Trinidad relocates a Spanish family to the American frontier to escape legal troubles, only to find survival through reinvention: the protagonist becomes a celebrated yet controversial gunslinger whose rise creates both loyalty and enemies. The widow Bronson, portrayed by Karla Sofía Gascón, is conceived as a cold, manipulative antagonist—a role that marks Gascón’s first major part since her acclaimed turn in Emilia Pérez. The production used the landscapes and facilities of the Canary Islands to evoke the Old West, a longstanding practice that filmmakers have used to replicate U.S. terrain with logistical efficiency.
Beyond action set pieces, the film aims to interrogate social dynamics: the script grapples with racism, misogyny, immigration and the contradiction of a society that condemns what its ancestors once embodied. The creative team has pursued a tonal blend—part genre entertainment, part social drama—hoping the picture appeals to both mainstream audiences and festival programmers. With its Nov. 13 Spain release locked in, the team is planning festival submissions and commercial windows aligned with a long-range distribution plan.
In interviews, Karla Sofía Gascón described taking on the villainous Bronson as an acting challenge: the role demanded an English-language performance with a Southern accent and required physical limitations—such as prolonged periods in a wooden chair and heavy multi-layered costumes—filmed under the heat of Gran Canaria. Gascón framed the character as intentionally exaggerated, likening her to a dark, manipulative archetype and emphasizing the contrast between the part and her own life.
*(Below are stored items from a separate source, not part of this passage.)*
lemma mtrace_comm:
  fixes A B :: "complex mat"
  assumes A: "A \<in> carrier_mat n m" and B: "B \<in> carrier_mat m n"
  shows "mtrace (A * B) = mtrace (B * A)"
proof -
  have "mtrace (A * B) = (\<Sum>i<n. \<Sum>k<m. A $$ (i,k) * B $$ (k,i))"
    using A B by (simp add: mtrace_def scalar_prod_def atLeast0LessThan)
  also have "\<dots> = (\<Sum>k<m. \<Sum>i<n. B $$ (k,i) * A $$ (i,k))"
    by (subst sum.swap) (simp add: mult.commute)
  also have "\<dots> = mtrace (B * A)"
    using A B by (simp add: mtrace_def scalar_prod_def atLeast0LessThan)
  finally show ?thesis .
qed

lemma mtrace_add: "A \<in> carrier_mat n n \<Longrightarrow> B \<in> carrier_mat n n \<Longrightarrow> mtrace (A + B) = mtrace A + mtrace B"
  by (simp add: mtrace_def sum.distrib)

lemma mult_carrier_nn[simp]: "A \<in> carrier_mat n n \<Longrightarrow> B \<in> carrier_mat n n \<Longrightarrow> A * B \<in> carrier_mat n n"
  by (metis mult_carrier_mat)

lemma mult_vec_carrier_nn[simp]: "A \<in> carrier_mat n n \<Longrightarrow> v \<in> carrier_vec n \<Longrightarrow> A *\<^sub>v v \<in> carrier_vec n"
  by (metis mult_mat_vec_carrier)

lemma mult_zero_vec_nn[simp]: "A \<in> carrier_mat n n \<Longrightarrow> A *\<^sub>v 0\<^sub>v n = 0\<^sub>v n"
  by (intro eq_vecI) (auto simp: scalar_prod_def)

section \<open>Finite sums of matrices\<close>

text \<open>Kraus sums \<open>\<Sum>\<^sub>k f M\<^sub>k\<close> are right folds over the list of Kraus operators; \<open>msum\<close> names
  this fold so that its algebra (linearity, trace, adjoint) is proved once.\<close>

definition msum :: "nat \<Rightarrow> ('a \<Rightarrow> complex mat) \<Rightarrow> 'a list \<Rightarrow> complex mat" where
  "msum n f xs = foldr (\<lambda>x acc. f x + acc) xs (0\<^sub>m n n)"

lemma msum_Nil[simp]: "msum n f [] = 0\<^sub>m n n"
  by (simp add: msum_def)

lemma msum_Cons[simp]: "msum n f (x # xs) = f x + msum n f xs"
  by (simp add: msum_def)

lemma msum_carrier: "(\<And>x. x \<in> set xs \<Longrightarrow> f x \<in> carrier_mat n n) \<Longrightarrow> msum n f xs \<in> carrier_mat n n"
  by (induction xs) auto

lemma msum_cong: "(\<And>x. x \<in> set xs \<Longrightarrow> f x = g x) \<Longrightarrow> msum n f xs = msum n g xs"
  by (induction xs) auto

lemma msum_mult_left:
  assumes X: "X \<in> carrier_mat n n" and f: "\<And>x. x \<in> set xs \<Longrightarrow> f x \<in> carrier_mat n n"
  shows "X * msum n f xs = msum n (\<lambda>x. X * f x) xs"
  using f
proof (induction xs)
  case (Cons x xs)
  have fx: "f x \<in> carrier_mat n n" and fs: "msum n f xs \<in> carrier_mat n n"
    using Cons.prems by (auto intro: msum_carrier)
  thus ?case using Cons by (simp add: mult_add_distrib_mat[OF X fx fs])
qed (use X in simp)

lemma msum_mult_right:
  assumes X: "X \<in> carrier_mat n n" and f: "\<And>x. x \<in> set xs \<Longrightarrow> f x \<in> carrier_mat n n"
  shows "msum n f xs * X = msum n (\<lambda>x. f x * X) xs"
  using f
proof (induction xs)
  case (Cons x xs)
  have fx: "f x \<in> carrier_mat n n" and fs: "msum n f xs \<in> carrier_mat n n"
    using Cons.prems by (auto intro: msum_carrier)
  thus ?case using Cons by (simp add: add_mult_distrib_mat[OF fx fs X])
qed (use X in simp)

lemma msum_trace:
  "(\<And>x. x \<in> set xs \<Longrightarrow> f x \<in> carrier_mat n n) \<Longrightarrow> mtrace (msum n f xs) = (\<Sum>x\<leftarrow>xs. mtrace (f x))"
proof (induction xs)
  case (Cons x xs)
  have fx: "f x \<in> carrier_mat n n" and fs: "msum n f xs \<in> carrier_mat n n"
    using Cons.prems by (auto intro: msum_carrier)
  thus ?case using Cons by (simp add: mtrace_add[OF fx fs])
qed (simp add: mtrace_def)

lemma msum_adj:
  "(\<And>x. x \<in> set xs \<Longrightarrow> f x \<in> carrier_mat n n) \<Longrightarrow> adj (msum n f xs) = msum n (\<lambda>x. adj (f x)) xs"
  by (induction xs) (auto simp: adj_add[of _ n n] msum_carrier)

lemma msum_quadratic:
  assumes v: "v \<in> carrier_vec n" and f: "\<And>x. x \<in> set xs \<Longrightarrow> f x \<in> carrier_mat n n"
  shows "cinner v (msum n f xs *\<^sub>v v) = (\<Sum>x\<leftarrow>xs. cinner v (f x *\<^sub>v v))"
  using f
proof (induction xs)
  case Nil
  have "0\<^sub>m n n *\<^sub>v v = 0\<^sub>v n" using v by (intro eq_vecI) (auto simp: scalar_prod_def)
  thus ?case using v by (simp add: cinner_zero_right)
next
  case (Cons x xs)
  have fx: "f x \<in> carrier_mat n n" and fs: "msum n f xs \<in> carrier_mat n n"
    using Cons.prems by (auto intro: msum_carrier)
  show ?case using Cons fx fs v
    by (simp add: add_mult_distrib_mat_vec[OF fx fs v] cinner_add_right[of v n])
qed

lemma Re_sum_list: "Re (\<Sum>x\<leftarrow>xs. f x) = (\<Sum>x\<leftarrow>xs. Re (f x))"
  by (induction xs) auto

lemma Im_sum_list: "Im (\<Sum>x\<leftarrow>xs. f x) = (\<Sum>x\<leftarrow>xs. Im (f x))"
  by (induction xs) auto

lemma sum_list_cong: "(\<And>x. x \<in> set xs \<Longrightarrow> f x = g x) \<Longrightarrow> (\<Sum>x\<leftarrow>xs. f x) = (\<Sum>x\<leftarrow>xs. g x)"
  by (simp cong: map_cong)

lemma sum_list_pos:
  fixes f :: "'a \<Rightarrow> real"
  assumes nonneg: "\<And>x. x \<in> set xs \<Longrightarrow> f x \<ge> 0" and y: "y \<in> set xs" and pos: "f y > 0"
  shows "(\<Sum>x\<leftarrow>xs. f x) > 0"
  using nonneg y
proof (induction xs)
  case (Cons a xs)
  have "0 \<le> (\<Sum>x\<leftarrow>xs. f x)" using Cons.prems(1) by (intro sum_list_nonneg) auto
  moreover have "0 \<le> f a" using Cons.prems(1) by auto
  moreover have "y \<noteq> a \<Longrightarrow> (\<Sum>x\<leftarrow>xs. f x) > 0" using Cons by simp
  ultimately show ?case using pos by (cases "y = a") auto
qed simp

section \<open>Subspaces and orthonormal bases\<close>

lemma csubspace_carrier: "csubspace n V \<Longrightarrow> v \<in> V \<Longrightarrow> v \<in> carrier_vec n"
  by (auto simp: csubspace_def)

lemma csubspace_zero: "csubspace n V \<Longrightarrow> 0\<^sub>v n \<in> V"
  by (auto simp: csubspace_def)

lemma csubspace_add: "csubspace n V \<Longrightarrow> u \<in> V \<Longrightarrow> v \<in> V \<Longrightarrow> u + v \<in> V"
  by (auto simp: csubspace_def)

lemma csubspace_smult: "csubspace n V \<Longrightarrow> v \<in> V \<Longrightarrow> c \<cdot>\<^sub>v v \<in> V"
  by (auto simp: csubspace_def)

lemma csubspace_minus: assumes V: "csubspace n V" and u: "u \<in> V" and v: "v \<in> V" shows "u - v \<in> V"
proof -
  have "u - v = u + (-1) \<cdot>\<^sub>v v" using V u v by (intro eq_vecI) (auto dest: csubspace_carrier)
  thus ?thesis using csubspace_add[OF V u csubspace_smult[OF V v]] by simp
qed

lemma csubspace_carrier_vec: "csubspace n (carrier_vec n)"
  by (auto simp: csubspace_def)

lemma csubspace_osum: assumes A: "csubspace n A" and B: "csubspace n B"
  shows "csubspace n (osum A B)"
  unfolding csubspace_def
proof (intro conjI ballI allI)
  show "osum A B \<subseteq> carrier_vec n"
    using csubspace_carrier[OF A] csubspace_carrier[OF B] by (auto simp: osum_def)
  show "0\<^sub>v n \<in> osum A B" unfolding osum_def using csubspace_zero[OF A] csubspace_zero[OF B]
    by (intro CollectI exI[of _ "0\<^sub>v n"]) auto
next
  fix u v assume "u \<in> osum A B" "v \<in> osum A B"
  then obtain a b a' b' where ab: "a \<in> A" "b \<in> B" "a' \<in> A" "b' \<in> B" "u = a + b" "v = a' + b'"
    unfolding osum_def by blast
  have c: "a \<in> carrier_vec n" "b \<in> carrier_vec n" "a' \<in> carrier_vec n" "b' \<in> carrier_vec n"
    using ab A B csubspace_carrier by blast+
  have "u + v = (a + a') + (b + b')" using ab c by (intro eq_vecI) auto
  thus "u + v \<in> osum A B" unfolding osum_def using csubspace_add[OF A ab(1,3)] csubspace_add[OF B ab(2,4)]
    by blast
next
  fix c :: complex and v assume "v \<in> osum A B"
  then obtain a b where ab: "a \<in> A" "b \<in> B" "v = a + b" unfolding osum_def by blast
  have cc: "a \<in> carrier_vec n" "b \<in> carrier_vec n" using ab A B csubspace_carrier by blast+
  have "c \<cdot>\<^sub>v v = c \<cdot>\<^sub>v a + c \<cdot>\<^sub>v b" using ab cc by (intro eq_vecI) (auto simp: distrib_left)
  thus "c \<cdot>\<^sub>v v \<in> osum A B" unfolding osum_def using csubspace_smult[OF A ab(1)] csubspace_smult[OF B ab(2)]
    by blast
qed

lemma csubspace_ocompl: assumes W: "csubspace n W" and V: "V \<subseteq> carrier_vec n"
  shows "csubspace n (ocompl_in W V)"
  unfolding csubspace_def ocompl_in_def
proof (intro conjI ballI allI)
  show "{w \<in> W. \<forall>v\<in>V. cinner v w = 0} \<subseteq> carrier_vec n" using W csubspace_carrier by blast
  show "0\<^sub>v n \<in> {w \<in> W. \<forall>v\<in>V. cinner v w = 0}" using csubspace_zero[OF W] V
    by (auto simp: cinner_zero_right)
next
  fix u w assume u: "u \<in> {w \<in> W. \<forall>v\<in>V. cinner v w = 0}" and w: "w \<in> {w \<in> W. \<forall>v\<in>V. cinner v w = 0}"
  have "u \<in> carrier_vec n" "w \<in> carrier_vec n" using u w W csubspace_carrier by blast+
  thus "u + w \<in> {w \<in> W. \<forall>v\<in>V. cinner v w = 0}" using u w V csubspace_add[OF W]
    by (auto simp: cinner_add_right[of _ n])
next
  fix c :: complex and w assume w: "w \<in> {w \<in> W. \<forall>v\<in>V. cinner v w = 0}"
  have "w \<in> carrier_vec n" using w W csubspace_carrier by blast
  thus "c \<cdot>\<^sub>v w \<in> {w \<in> W. \<forall>v\<in>V. cinner v w = 0}" using w V csubspace_smult[OF W]
    by (auto simp: cinner_smult_right[of _ n])
qed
She also reflected on a past publicity controversy, suggesting that stepping into a clearly fictional villain offered a chance to reclaim narrative control while focusing on the craft.
Looking beyond this release, ISII Group forecasts multiple theatrical projects and an expanded production pipeline: Carvalho has outlined plans that include two upcoming high-budget pictures—Desde Arriba and a flamenco dance film, Amor de Dios—each with budgets exceeding 10 million euros. The group also lists several feature films and docuseries in various stages of development, positioning itself to pursue acquisitions for the Spanish market while building international co-productions. For ISII, Trinidad is the first public demonstration of a vertically integrated model designed to sustain both creative ambitions and commercial growth.